Between February and May 2020, during the first pandemic outbreak with severely restricted endoscopy activity, 114 endoscopies on 106 patients with COVID-19 were performed in 16 institutions (men=70.8%, median age=68 (58-74); 33% admitted in intensive care unit; 44.4% reporting GI symptoms). 66.7% endoscopies were urgent, mainly for overt GI bleeding. 52 (45.6%) patients had major abnormalities, whereas 13 bled from previous conditions. The most prevalent upper GI abnormalities were ulcers (25.3%), erosive/ulcerative gastro-duodenopathy (16.1%) and petechial/haemorrhagic gastropathy (9.2%). Among lower GI endoscopies, 33.3% showed an ischaemic-like colitis.Receiver operating curve analysis identified D-dimers >1850 ng/mL as predicting major abnormalities. Only D-dimers >1850 ng/mL (OR=12.12 (1.69-86.87)) and presence of GI symptoms (OR=6.17 (1.13-33.67)) were independently associated with major abnormalities at multivariate analysis.

CONCLUSION

In this highly selected cohort of hospitalised patients with COVID-19 requiring endoscopy, almost half showed acute mucosal injuries and more than one-third of lower GI endoscopies had features of ischaemic colitis.
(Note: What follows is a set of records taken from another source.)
(* Let $n\in\mathbb{N}$. For every $i=0,1,\dots,2n-1$, $$\sum_{j=\lfloor i/2\rfloor}^{n-1}\binom{n-1}{j}\left(\binom{n}{j+1}\binom{2j+1}{i}-\binom{n}{j}\binom{2j}{i}\right)\geq 0.$$
   Context: Binomial coefficients $\binom{a}{b}$ with integer $0\le a<b$ are $0$; $\lfloor\cdot\rfloor$ is the integer part. *)

theory Defs
  imports Main
begin

end

theory Submission
  imports Defs "HOL-Computational_Algebra.Polynomial"
begin

text \<open>
  Put n = m + 1 and C(a,b) = a choose b. The sum is the coefficient of x^i in F(1 + x), where
  F(y) = \<Sum>j. C(m,j) (C(m+1,j+1) y^(2j+1) - C(m+1,j) y^(2j)). Pascal's rule gives
  F(y) = (y - 1) G(y) with G(y) = \<Sum>j. C(m,j)^2 y^(2j) - C(m,j) C(m,j+1) y^(2j+1), and G(y) is
  the coefficient of X^m in (1 + X) ((1 - yX)(X - y))^m. Expanding the binomial power of
  (1 - yX)(X - y) = -y (1 - X)^2 + (y - 1)^2 X gives
  G(y) = \<Sum>r. C(m,r) Cat(r) (y - 1)^(2(m-r)) y^r, where Cat(r) is the Catalan number
  (the coefficient of X^r in (1 + X)(1 - X)^(2r), up to sign). Hence
  F(1 + x) = x \<Sum>r. C(m,r) Cat(r) x^(2(m-r)) (1 + x)^r has nonnegative coefficients.
\<close>

lemma coeff_linear_poly_power':
  fixes a b :: "'a::comm_semiring_1"
  shows "coeff ([:a, b:] ^ n) i = of_nat (n choose i) * b ^ i * a ^ (n - i)"
proof (cases "i \<le> n")
  case True
  then show ?thesis by (rule coeff_linear_poly_power)
next
  case False
  have "degree ([:a, b:] ^ n) \<le> n"
    by (rule order.trans[OF degree_power_le]) (simp add: degree_pCons_le)
  with False show ?thesis by (simp add: coeff_eq_0 binomial_eq_0)
qed

lemma coeff_linear_poly_mult:
  fixes q :: "'a::comm_semiring_1 poly"
  shows "coeff ([:a, b:] * q) k = a * coeff q k + (if k = 0 then 0 else b * coeff q (k - 1))"
  by (cases k) simp_all

definition catalan :: "nat \<Rightarrow> nat" where
  "catalan r = (2 * r choose r) - (2 * r choose Suc r)"

lemma of_nat_catalan:
  "(of_nat (catalan r) :: 'a::ring_1) = of_nat (2 * r choose r) - of_nat (2 * r choose Suc r)"
  using binomial_maximum'[of r "Suc r"] by (simp add: catalan_def of_nat_diff)

lemma coeff_one_plus_X_mult_one_minus_X_power:
  "coeff ([:1, 1:] * [:1, -1:] ^ (2 * r)) r = ((-1) ^ r :: 'a::comm_ring_1) * of_nat (catalan r)"
proof (cases r)
  case 0
  then show ?thesis by (simp add: catalan_def)
next
  case (Suc s)
  have "2 * r choose s = 2 * r choose Suc r"
    using binomial_symmetric[of s "2 * r"] Suc by simp
  with Suc show ?thesis
    unfolding coeff_linear_poly_mult coeff_linear_poly_power' of_nat_catalan
    by (simp add: algebra_simps)
qed

lemma binomial_sum_factor:
  fixes y :: "'a::comm_ring_1"
  shows "(\<Sum>j\<le>m. of_nat (m choose j) * (of_nat (Suc m choose Suc j) * y ^ (2 * j + 1)
            - of_nat (Suc m choose j) * y ^ (2 * j)))
       = (y - 1) * (\<Sum>j\<le>m. of_nat (m choose j) ^ 2 * y ^ (2 * j)
            - of_nat (m choose j) * of_nat (m choose Suc j) * y ^ (2 * j + 1))"
proof -
  define c where "c j = (of_nat (m choose j) :: 'a)" for j
  have pascal: "Suc m choose j = (m choose j) + (if j = 0 then 0 else m choose (j - 1))" for j
    by (cases j) simp_all
  define E where "E = (\<Sum>j\<le>m. c j * (if j = 0 then 0 else c (j - 1)) * y ^ (2 * j))"
  define D where "D = (\<Sum>j\<le>m. c j * c (Suc j) * y ^ (2 * j + 2))"
  have "E = D" \<comment> \<open>the term j + 1 of E is the term j of D\<close>
  proof (cases m)
    case 0
    then show ?thesis by (simp add: E_def D_def c_def)
  next
    case (Suc k)
    have "E = (\<Sum>j\<le>k. c (Suc j) * c j * y ^ (2 * j + 2))"
      unfolding E_def Suc sum.atMost_Suc_shift by (simp add: mult_2)
    also have "\<dots> = D"
      unfolding D_def Suc sum.atMost_Suc by (simp add: c_def mult.commute Suc binomial_eq_0)
    finally show ?thesis .
  qed
  have "(\<Sum>j\<le>m. c j * (of_nat (Suc m choose Suc j) * y ^ (2 * j + 1)
            - of_nat (Suc m choose j) * y ^ (2 * j)))
      = (\<Sum>j\<le>m. c j ^ 2 * y ^ (2 * j + 1)) + (\<Sum>j\<le>m. c j * c (Suc j) * y ^ (2 * j + 1))
        - (\<Sum>j\<le>m. c j ^ 2 * y ^ (2 * j)) - E"
    unfolding E_def sum.distrib[symmetric] sum_subtractf[symmetric]
    by (rule sum.cong) (auto simp: c_def pascal algebra_simps power2_eq_square)
  also have "\<dots> = (y - 1) * (\<Sum>j\<le>m. c j ^ 2 * y ^ (2 * j) - c j * c (Suc j) * y ^ (2 * j + 1))"
    unfolding \<open>E = D\<close> D_def
    by (simp add: sum_subtractf sum_distrib_left algebra_simps sum.distrib)
  finally show ?thesis by (simp add: c_def)
qed

lemma coeff_linear_powers_product:
  fixes y :: "'a::comm_ring_1"
  assumes "k \<le> m"
  shows "coeff ([:1, -y:] ^ m * [:-y, 1:] ^ m) k
       = (\<Sum>j\<le>k. of_nat (m choose j) * of_nat (m choose (m - k + j)) * (-y) ^ (m - k + 2 * j))"
  unfolding coeff_mult
proof (rule sum.cong)
  fix j
  assume "j \<in> {..k}"
  then have "j \<le> k" by simp
  then have "m choose (k - j) = m choose (m - k + j)" and "m - (k - j) = m - k + j"
    using binomial_symmetric[of "k - j" m] assms by simp_all
  moreover have "(-y) ^ j * (-y) ^ (m - k + j) = (-y) ^ (m - k + 2 * j)"
    by (simp flip: power_add add: mult_2 add_ac)
  ultimately show "coeff ([:1, -y:] ^ m) j * coeff ([:-y, 1:] ^ m) (k - j)
      = of_nat (m choose j) * of_nat (m choose (m - k + j)) * (-y) ^ (m - k + 2 * j)"
    unfolding coeff_linear_poly_power' by (simp add: mult_ac)
qed simp

lemma coeff_linear_powers_product_middle:
  fixes y :: "'a::comm_ring_1"
  shows "coeff ([:1, 1:] * ([:1, -y:] ^ m * [:-y, 1:] ^ m)) m
       = (\<Sum>j\<le>m. of_nat (m choose j) ^ 2 * y ^ (2 * j)
            - of_nat (m choose j) * of_nat (m choose Suc j) * y ^ (2 * j + 1))"
proof -
  have even_power: "(-y) ^ (2 * j) = y ^ (2 * j)" for j
    by (simp add: power_mult)
  have upper: "coeff ([:1, -y:] ^ m * [:-y, 1:] ^ m) m
      = (\<Sum>j\<le>m. of_nat (m choose j) ^ 2 * y ^ (2 * j))"
    by (simp add: coeff_linear_powers_product even_power power2_eq_square)
  show ?thesis
  proof (cases m)
    case 0
    then show ?thesis by simp
  next
    case (Suc k)
    have "coeff ([:1, -y:] ^ m * [:-y, 1:] ^ m) k
        = (\<Sum>j\<le>k. of_nat (m choose j) * of_nat (m choose (m - k + j)) * (-y) ^ (m - k + 2 * j))"
      using Suc by (intro coeff_linear_powers_product) simp
    also have "\<dots> = (\<Sum>j\<le>k. - (of_nat (m choose j) * of_nat (m choose Suc j) * y ^ (2 * j + 1)))"
      using Suc by (simp add: even_power)
    also have "\<dots> = - (\<Sum>j\<le>m. of_nat (m choose j) * of_nat (m choose Suc j) * y ^ (2 * j + 1))"
      unfolding Suc sum.atMost_Suc by (simp add: sum_negf binomial_eq_0)
    finally show ?thesis
      using Suc upper by (simp add: coeff_linear_poly_mult sum_subtractf)
  qed
qed

lemma linear_polys_product_eq:
  fixes y :: "'a::comm_ring_1"
  shows "[:1, -y:] * [:-y, 1:] = smult (-y) ([:1, -1:] ^ 2) + smult ((y - 1) ^ 2) [:0, 1:]"
  by (simp add: power2_eq_square algebra_simps)

lemma linear_powers_product_expansion:
  fixes y :: "'a::comm_ring_1"
  shows "[:1, -y:] ^ m * [:-y, 1:] ^ m
       = (\<Sum>r\<le>m. smult (of_nat (m choose r) * (-y) ^ r * (y - 1) ^ (2 * (m - r)))
                  (monom 1 (m - r) * [:1, -1:] ^ (2 * r)))"
proof -
  have "[:1, -y:] ^ m * [:-y, 1:] ^ m
      = (\<Sum>r\<le>m. of_nat (m choose r) * (smult (-y) ([:1, -1:] ^ 2)) ^ r
                  * (smult ((y - 1) ^ 2) [:0, 1:]) ^ (m - r))"
    unfolding power_mult_distrib[symmetric] linear_polys_product_eq by (rule binomial_ring)
  also have "\<dots> = (\<Sum>r\<le>m. smult (of_nat (m choose r) * (-y) ^ r * (y - 1) ^ (2 * (m - r)))
                  (monom 1 (m - r) * [:1, -1:] ^ (2 * r)))"
    by (simp only: smult_power of_nat_poly monom_altdef power_mult smult_1_left) (simp add: mult_ac)
  finally show ?thesis .
qed

lemma coeff_linear_powers_product_catalan:
  fixes y :: "'a::comm_ring_1"
  shows "coeff ([:1, 1:] * ([:1, -y:] ^ m * [:-y, 1:] ^ m)) m
       = (\<Sum>r\<le>m. of_nat ((m choose r) * catalan r) * (y - 1) ^ (2 * (m - r)) * y ^ r)"
proof -
  have sign: "(-y) ^ r * (-1) ^ r = y ^ r" for r
    by (simp flip: power_mult_distrib)
  have "coeff ([:1, 1:] * smult (of_nat (m choose r) * (-y) ^ r * (y - 1) ^ (2 * (m - r)))
                (monom 1 (m - r) * [:1, -1:] ^ (2 * r))) m
      = of_nat ((m choose r) * catalan r) * (y - 1) ^ (2 * (m - r)) * y ^ r" if "r \<le> m" for r
  proof -
    have "coeff (monom 1 (m - r) * ([:1, 1:] * [:1, -1:] ^ (2 * r))) m
        = (-1) ^ r * (of_nat (catalan r) :: 'a)"
      using that
      by (simp add: coeff_monom_mult coeff_one_plus_X_mult_one_minus_X_power del: mult_pCons_left)
    then show ?thesis
      unfolding mult_smult_right mult.left_commute[of "[:1, 1:]"] coeff_smult of_nat_mult
        sign[symmetric]
      by (simp only: mult_ac)
  qed
  then show ?thesis
    unfolding linear_powers_product_expansion sum_distrib_left coeff_sum
    by (intro sum.cong) simp_all
qed

lemma binomial_square_sum_catalan_expansion:
  fixes y :: "'a::comm_ring_1"
  shows "(\<Sum>j\<le>m. of_nat (m choose j) ^ 2 * y ^ (2 * j)
            - of_nat (m choose j) * of_nat (m choose Suc j) * y ^ (2 * j + 1))
       = (\<Sum>r\<le>m. of_nat ((m choose r) * catalan r) * (y - 1) ^ (2 * (m - r)) * y ^ r)"
  using coeff_linear_powers_product_middle[of y m] coeff_linear_powers_product_catalan[of y m]
  by simp

definition nonneg_coeffs :: "'a::linordered_semidom poly \<Rightarrow> bool" where
  "nonneg_coeffs p \<longleftrightarrow> (\<forall>k. 0 \<le> coeff p k)"

lemma nonneg_coeffs_0: "nonneg_coeffs 0"
  by (simp add: nonneg_coeffs_def)

lemma nonneg_coeffs_pCons: "0 \<le> a \<Longrightarrow> nonneg_coeffs p \<Longrightarrow> nonneg_coeffs (pCons a p)"
  by (simp add: nonneg_coeffs_def coeff_pCons split: nat.split)

lemma nonneg_coeffs_of_nat: "nonneg_coeffs (of_nat k)"
  by (simp add: of_nat_poly nonneg_coeffs_pCons nonneg_coeffs_0)

lemma nonneg_coeffs_1: "nonneg_coeffs 1"
  by (simp add: one_pCons nonneg_coeffs_pCons nonneg_coeffs_0)

lemma nonneg_coeffs_mult: "nonneg_coeffs p \<Longrightarrow> nonneg_coeffs q \<Longrightarrow> nonneg_coeffs (p * q)"
  unfolding nonneg_coeffs_def coeff_mult by (auto intro!: sum_nonneg)

lemma nonneg_coeffs_power: "nonneg_coeffs p \<Longrightarrow> nonneg_coeffs (p ^ k)"
  by (induction k) (simp_all add: nonneg_coeffs_mult nonneg_coeffs_1)

lemma nonneg_coeffs_sum: "(\<And>x. x \<in> A \<Longrightarrow> nonneg_coeffs (f x)) \<Longrightarrow> nonneg_coeffs (sum f A)"
  unfolding nonneg_coeffs_def coeff_sum by (auto intro!: sum_nonneg)

lemma coeff_binomial_sum_at_one_plus_X:
  "coeff (\<Sum>j\<le>m. of_nat (m choose j) * (of_nat (Suc m choose Suc j) * [:1, 1:] ^ (2 * j + 1)
            - of_nat (Suc m choose j) * [:1, 1:] ^ (2 * j))) i
   = (\<Sum>j\<le>m. of_nat (m choose j) * (of_nat (Suc m choose Suc j) * of_nat ((2 * j + 1) choose i)
            - of_nat (Suc m choose j) * (of_nat ((2 * j) choose i) :: 'a::comm_ring_1)))"
proof -
  have coeff_of_nat_mult: "coeff (of_nat k * p) i = of_nat k * coeff p i" for k and p :: "'a poly"
    by (simp add: of_nat_poly)
  show ?thesis
    unfolding coeff_sum
    by (simp only: coeff_of_nat_mult coeff_diff coeff_linear_poly_power' power_one mult_1_right)
qed

theorem mainTheorem7:
  fixes n i :: nat
  assumes "i < 2 * n"
  shows "(\<Sum>j = i div 2..n - 1.
            int ((n - 1) choose j) *
            (int (n choose (j + 1)) * int ((2 * j + 1) choose i)
             - int (n choose j) * int ((2 * j) choose i))) \<ge> 0"
proof -
  obtain m where n: "n = Suc m"
    using assms by (cases n) auto
  define t where "t j = int (m choose j) * (int (Suc m choose Suc j) * int ((2 * j + 1) choose i)
                          - int (Suc m choose j) * int ((2 * j) choose i))" for j
  define F :: "int poly" where
    "F = (\<Sum>j\<le>m. of_nat (m choose j) * (of_nat (Suc m choose Suc j) * [:1, 1:] ^ (2 * j + 1)
                    - of_nat (Suc m choose j) * [:1, 1:] ^ (2 * j)))"
  have "[:1, 1:] - 1 = [:0, 1 :: int:]"
    by (simp add: one_pCons)
  then have "F = [:0, 1:] * (\<Sum>r\<le>m. of_nat ((m choose r) * catalan r) * [:0, 1:] ^ (2 * (m - r))
                                * [:1, 1:] ^ r)"
    unfolding F_def binomial_sum_factor binomial_square_sum_catalan_expansion by simp
  then have "nonneg_coeffs F"
    by (simp add: nonneg_coeffs_mult nonneg_coeffs_sum nonneg_coeffs_power nonneg_coeffs_of_nat
        nonneg_coeffs_pCons nonneg_coeffs_0)
  have "(\<Sum>j = i div 2..n - 1. int ((n - 1) choose j) *
            (int (n choose (j + 1)) * int ((2 * j + 1) choose i)
             - int (n choose j) * int ((2 * j) choose i))) = (\<Sum>j = i div 2..m. t j)"
    by (simp add: n t_def)
  also have "\<dots> = (\<Sum>j\<le>m. t j)"
    by (rule sum.mono_neutral_left) (auto simp: t_def binomial_eq_0)
  also have "\<dots> = coeff F i"
    unfolding F_def coeff_binomial_sum_at_one_plus_X t_def by simp
  finally show ?thesis
    using \<open>nonneg_coeffs F\<close> by (simp add: nonneg_coeffs_def)
qed

end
Among the hospitalisation-related and patient-related variables evaluated in this study, D-dimers above 1850 ng/mL was the most useful at predicting major mucosal abnormalities at endoscopy.

TRIAL REGISTRATION NUMBER

ClinicalTrial.gov (ID: NCT04318366).

摘要

背景

虽然有证据表明 2019 年冠状病毒病(COVID-19)期间经常发生胃肠道(GI)受累,但内镜检查结果鲜有报道。

目的

我们旨在登记 COVID-19 患者的内镜异常和潜在相关危险因素。

方法

在高流行地区的 16 个机构中,连续纳入接受内镜检查的 COVID-19 连续患者。使用 Mann-Whitney U、χ 或 Fisher 确切检验比较主要异常患者与阴性检查患者,使用多变量逻辑回归识别独立预测因素。

结果

在 2020 年 2 月至 5 月期间,在第一次大流行爆发期间,内镜检查活动受到严重限制,在 16 个机构对 106 例 COVID-19 患者进行了 114 次内镜检查(男性=70.8%,中位年龄=68(58-74)岁;33%入住重症监护病房;44.4%报告有胃肠道症状)。66.7%的内镜检查为紧急检查,主要用于明显的胃肠道出血。52 例(45.6%)患者有主要异常,而 13 例因先前疾病出血。最常见的上消化道异常为溃疡(25.3%)、糜烂/溃疡性胃-十二指肠病(16.1%)和瘀点/出血性胃病(9.2%)。在进行的下消化道内镜检查中,33.3%显示出类似于缺血性结肠炎。受试者工作特征曲线分析发现 D-二聚体>1850ng/ml 可预测主要异常。只有 D-二聚体>1850ng/ml(OR=12.12(1.69-86.87))和存在胃肠道症状(OR=6.17(1.13-33.67))在多变量分析中与主要异常独立相关。

结论

在这项对需要内镜检查的住院 COVID-19 患者的高度选择队列中,近一半的患者表现出急性黏膜损伤,超过三分之一的下消化道内镜检查显示出缺血性结肠炎的特征。在本研究中评估的与住院相关和患者相关的变量中,D-二聚体>1850ng/ml 是预测内镜下主要黏膜异常最有用的指标。

试验注册

ClinicalTrials.gov(注册号:NCT04318366)。